- [EXERCISE AIM] Go line by line through the data below and work out how many lines contain "close"; the answer is that number alone.

- [PROVIDED RECORDS]
++++
(* Let $X=\{x_1,\dots,x_n\}\subset\mathbb{R}^m$ be a dataset, let $S=\{S_1,\dots,S_k\}$ be a partition of $X$ into clusters with centroids $z_1,\dots,z_k\in\mathbb{R}^m$, and let $p>1$. Suppose the features of $X$ consist of at least one relevant feature and at least one noise feature, and that each noise feature is drawn independently from a common distribution. Then, for a cluster $S_l$ and exponent $p>1$, at least one feature $v$ has weight strictly higher than $\frac{1}{m}$, i.e. $w_{lv}^{(p)}>\frac{1}{m}$.
   Context: For a cluster $S_l$ with centroid $z_l$, a feature $v$ and an exponent $p>1$, the within-cluster dispersion is $D_{lv}^{(p)}=\sum_{x_i\in S_l}|x_{iv}-z_{lv}|^p$ (assumed positive), and the Minkowski weighted $k$-means feature weight is \[ w_{lv}^{(p)}=\frac{1}{\sum_{u=1}^m\left(\frac{D_{lv}^{(p)}}{D_{lu}^{(p)}}\right)^{\frac{1}{p-1}}}, \] so that $\sum_{v=1}^m w_{lv}^{(p)}=1$ for each $l$. The features are partitioned into a set $R$ of relevant features and a set of noise features, where a feature $v$ is a noise feature if for each cluster $S_l$ and each $p>1$, $\frac{1}{|R|}\sum_{u\in R}(D_{lv}^{(p)}/D_{lu}^{(p)})^{1/(p-1)}>1$. *)

theory Defs
  imports Complex_Main
begin

text \<open>Data: x i v is feature v of point i (points 0..<n, features 0..<m).
  Clusters: S l (l < k) is a set of point indices; z l v is feature v of centroid l.\<close>

definition dispersion ::
  "(nat \<Rightarrow> nat \<Rightarrow> real) \<Rightarrow> (nat \<Rightarrow> nat set) \<Rightarrow> (nat \<Rightarrow> nat \<Rightarrow> real)
     \<Rightarrow> nat \<Rightarrow> nat \<Rightarrow> real \<Rightarrow> real" where
  "dispersion x S z l v p = (\<Sum>i\<in>S l. \<bar>x i v - z l v\<bar> powr p)"

definition mwk_weight ::
  "nat \<Rightarrow> (nat \<Rightarrow> nat \<Rightarrow> real) \<Rightarrow> (nat \<Rightarrow> nat set) \<Rightarrow> (nat \<Rightarrow> nat \<Rightarrow> real)
     \<Rightarrow> nat \<Rightarrow> nat \<Rightarrow> real \<Rightarrow> real" where
  "mwk_weight m x S z l v p =
     1 / (\<Sum>u<m. (dispersion x S z l v p / dispersion x S z l u p) powr (1 / (p - 1)))"

definition is_partition :: "nat \<Rightarrow> nat \<Rightarrow> (nat \<Rightarrow> nat set) \<Rightarrow> bool" where
  "is_partition n k S \<longleftrightarrow>
     (\<forall>l<k. S l \<noteq> {}) \<and>
     (\<forall>l<k. \<forall>l'<k. l \<noteq> l' \<longrightarrow> S l \<inter> S l' = {}) \<and>
     (\<Union>l<k. S l) = {..<n}"

definition is_noise_feature ::
  "nat \<Rightarrow> (nat \<Rightarrow> nat \<Rightarrow> real) \<Rightarrow> (nat \<Rightarrow> nat set) \<Rightarrow> (nat \<Rightarrow> nat \<Rightarrow> real)
     \<Rightarrow> nat set \<Rightarrow> nat \<Rightarrow> bool" where
  "is_noise_feature k x S z R v \<longleftrightarrow>
     (\<forall>l<k. \<forall>p::real. p > 1 \<longrightarrow>
        (1 / real (card R)) * (\<Sum>u\<in>R. (dispersion x S z l v p / dispersion x S z l u p) powr (1 / (p - 1))) > 1)"

end

theory Submission
  imports Defs
begin

text \<open>The weight of a feature u is 1 / (\<Sum>w. (D u / D w) powr a) with a = 1/(p-1) > 0.
  For the feature u of least dispersion every summand is at most 1, and it is strictly below 1
  at any feature of larger dispersion, so its weight exceeds 1/m unless all dispersions agree.
  They cannot all agree: a noise feature v has mean ratio (D v / D u) powr a over the relevant
  features u above 1, so D v exceeds the dispersion of some relevant feature.\<close>

lemma exists_less_if_mean_powr_ratio_gt_one:
  fixes D :: "'a \<Rightarrow> real"
  assumes "finite R" and "\<forall>u\<in>R. 0 < D u" and "0 < D v" and "0 \<le> a"
    and "1 < (1 / real (card R)) * (\<Sum>u\<in>R. (D v / D u) powr a)"
  shows "\<exists>u\<in>R. D u < D v"
proof (rule ccontr)
  assume "\<not> (\<exists>u\<in>R. D u < D v)"
  then have "(D v / D u) powr a \<le> 1" if "u \<in> R" for u
    using that assms(2,3,4) by (intro powr_le1) (auto simp: not_less)
  then have "(\<Sum>u\<in>R. (D v / D u) powr a) \<le> real (card R)"
    using sum_mono[of R "\<lambda>u. (D v / D u) powr a" "\<lambda>_. 1"] by simp
  then have "(1 / real (card R)) * (\<Sum>u\<in>R. (D v / D u) powr a) \<le> 1"
    by (cases "card R = 0") (simp_all add: divide_le_eq_1)
  with assms(5) show False by simp
qed

lemma inverse_card_less_inverse_sum_powr_ratio_min:
  fixes D :: "'a \<Rightarrow> real"
  assumes U: "finite U" and pos: "\<forall>w\<in>U. 0 < D w"
    and u: "u \<in> U" and u_min: "\<forall>w\<in>U. D u \<le> D w"
    and v: "v \<in> U" and "D u < D v" and a: "0 < a"
  shows "1 / real (card U) < 1 / (\<Sum>w\<in>U. (D u / D w) powr a)"
proof -
  have "(D u / D w) powr a \<le> 1" if "w \<in> U" for w
    using that pos u u_min a by (intro powr_le1) (auto simp: abs_of_pos)
  moreover have "(D u / D v) powr a < 1"
    using \<open>D u < D v\<close> pos u v a by (subst powr01_less_one) auto
  ultimately have "(\<Sum>w\<in>U. (D u / D w) powr a) < (\<Sum>w\<in>U. 1)"
    using U v by (intro sum_strict_mono_ex1) auto
  moreover have "1 \<le> (\<Sum>w\<in>U. (D u / D w) powr a)"
  proof -
    have "(D u / D u) powr a = 1" using pos u by (simp add: less_imp_neq[symmetric])
    moreover have "(D u / D u) powr a \<le> (\<Sum>w\<in>U. (D u / D w) powr a)"
      using U u by (intro member_le_sum) auto
    ultimately show ?thesis by simp
  qed
  ultimately show ?thesis by (simp add: frac_less2)
qed

theorem mainTheorem2:
  fixes n m k :: nat
    and x :: "nat \<Rightarrow> nat \<Rightarrow> real"
    and S :: "nat \<Rightarrow> nat set"
    and z :: "nat \<Rightarrow> nat \<Rightarrow> real"
    and R :: "nat set"
    and l :: nat and p :: real
  assumes partition: "is_partition n k S"
    and disp_pos: "\<forall>l'<k. \<forall>v<m. \<forall>q::real. q > 1 \<longrightarrow> dispersion x S z l' v q > 0"
    and R_sub: "R \<subseteq> {..<m}"
    and R_ne: "R \<noteq> {}"
    and noise_ex: "{..<m} - R \<noteq> {}"
    and noise: "\<forall>v\<in>{..<m} - R. is_noise_feature k x S z R v"
    and l: "l < k"
    and p: "p > 1"
  shows "\<exists>v<m. mwk_weight m x S z l v p > 1 / real m"
proof -
  define D where "D u = dispersion x S z l u p" for u
  define a where "a = 1 / (p - 1)"
  have a: "0 < a" using p by (simp add: a_def)
  have D_pos: "\<forall>u\<in>{..<m}. 0 < D u" using disp_pos l p by (simp add: D_def)
  obtain v where v: "v \<in> {..<m} - R" using noise_ex by blast
  have "1 < (1 / real (card R)) * (\<Sum>u\<in>R. (D v / D u) powr a)"
    using noise v l p unfolding is_noise_feature_def D_def a_def by blast
  then obtain u where u: "u \<in> R" "D u < D v"
    using exists_less_if_mean_powr_ratio_gt_one[of R D v a] R_sub D_pos v a
    by (auto intro: finite_subset)
  define u0 where "u0 = arg_min_on D {..<m}"
  have U_ne: "{..<m} \<noteq> {}" using v by blast
  have u0: "u0 \<in> {..<m}" "\<forall>w\<in>{..<m}. D u0 \<le> D w"
    using arg_min_if_finite(1)[of "{..<m}" D] arg_min_least[of "{..<m}" _ D] U_ne
    by (auto simp: u0_def)
  have "D u0 \<le> D u" using u0(2) u(1) R_sub by blast
  with u(2) have "D u0 < D v" by linarith
  then have "1 / real m < 1 / (\<Sum>w<m. (D u0 / D w) powr a)"
    using inverse_card_less_inverse_sum_powr_ratio_min[of "{..<m}" D u0 v a] D_pos u0 v a
    by simp
  then show ?thesis using u0(1) unfolding mwk_weight_def D_def a_def by auto
qed

end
++++
- [TASK RESULT] 3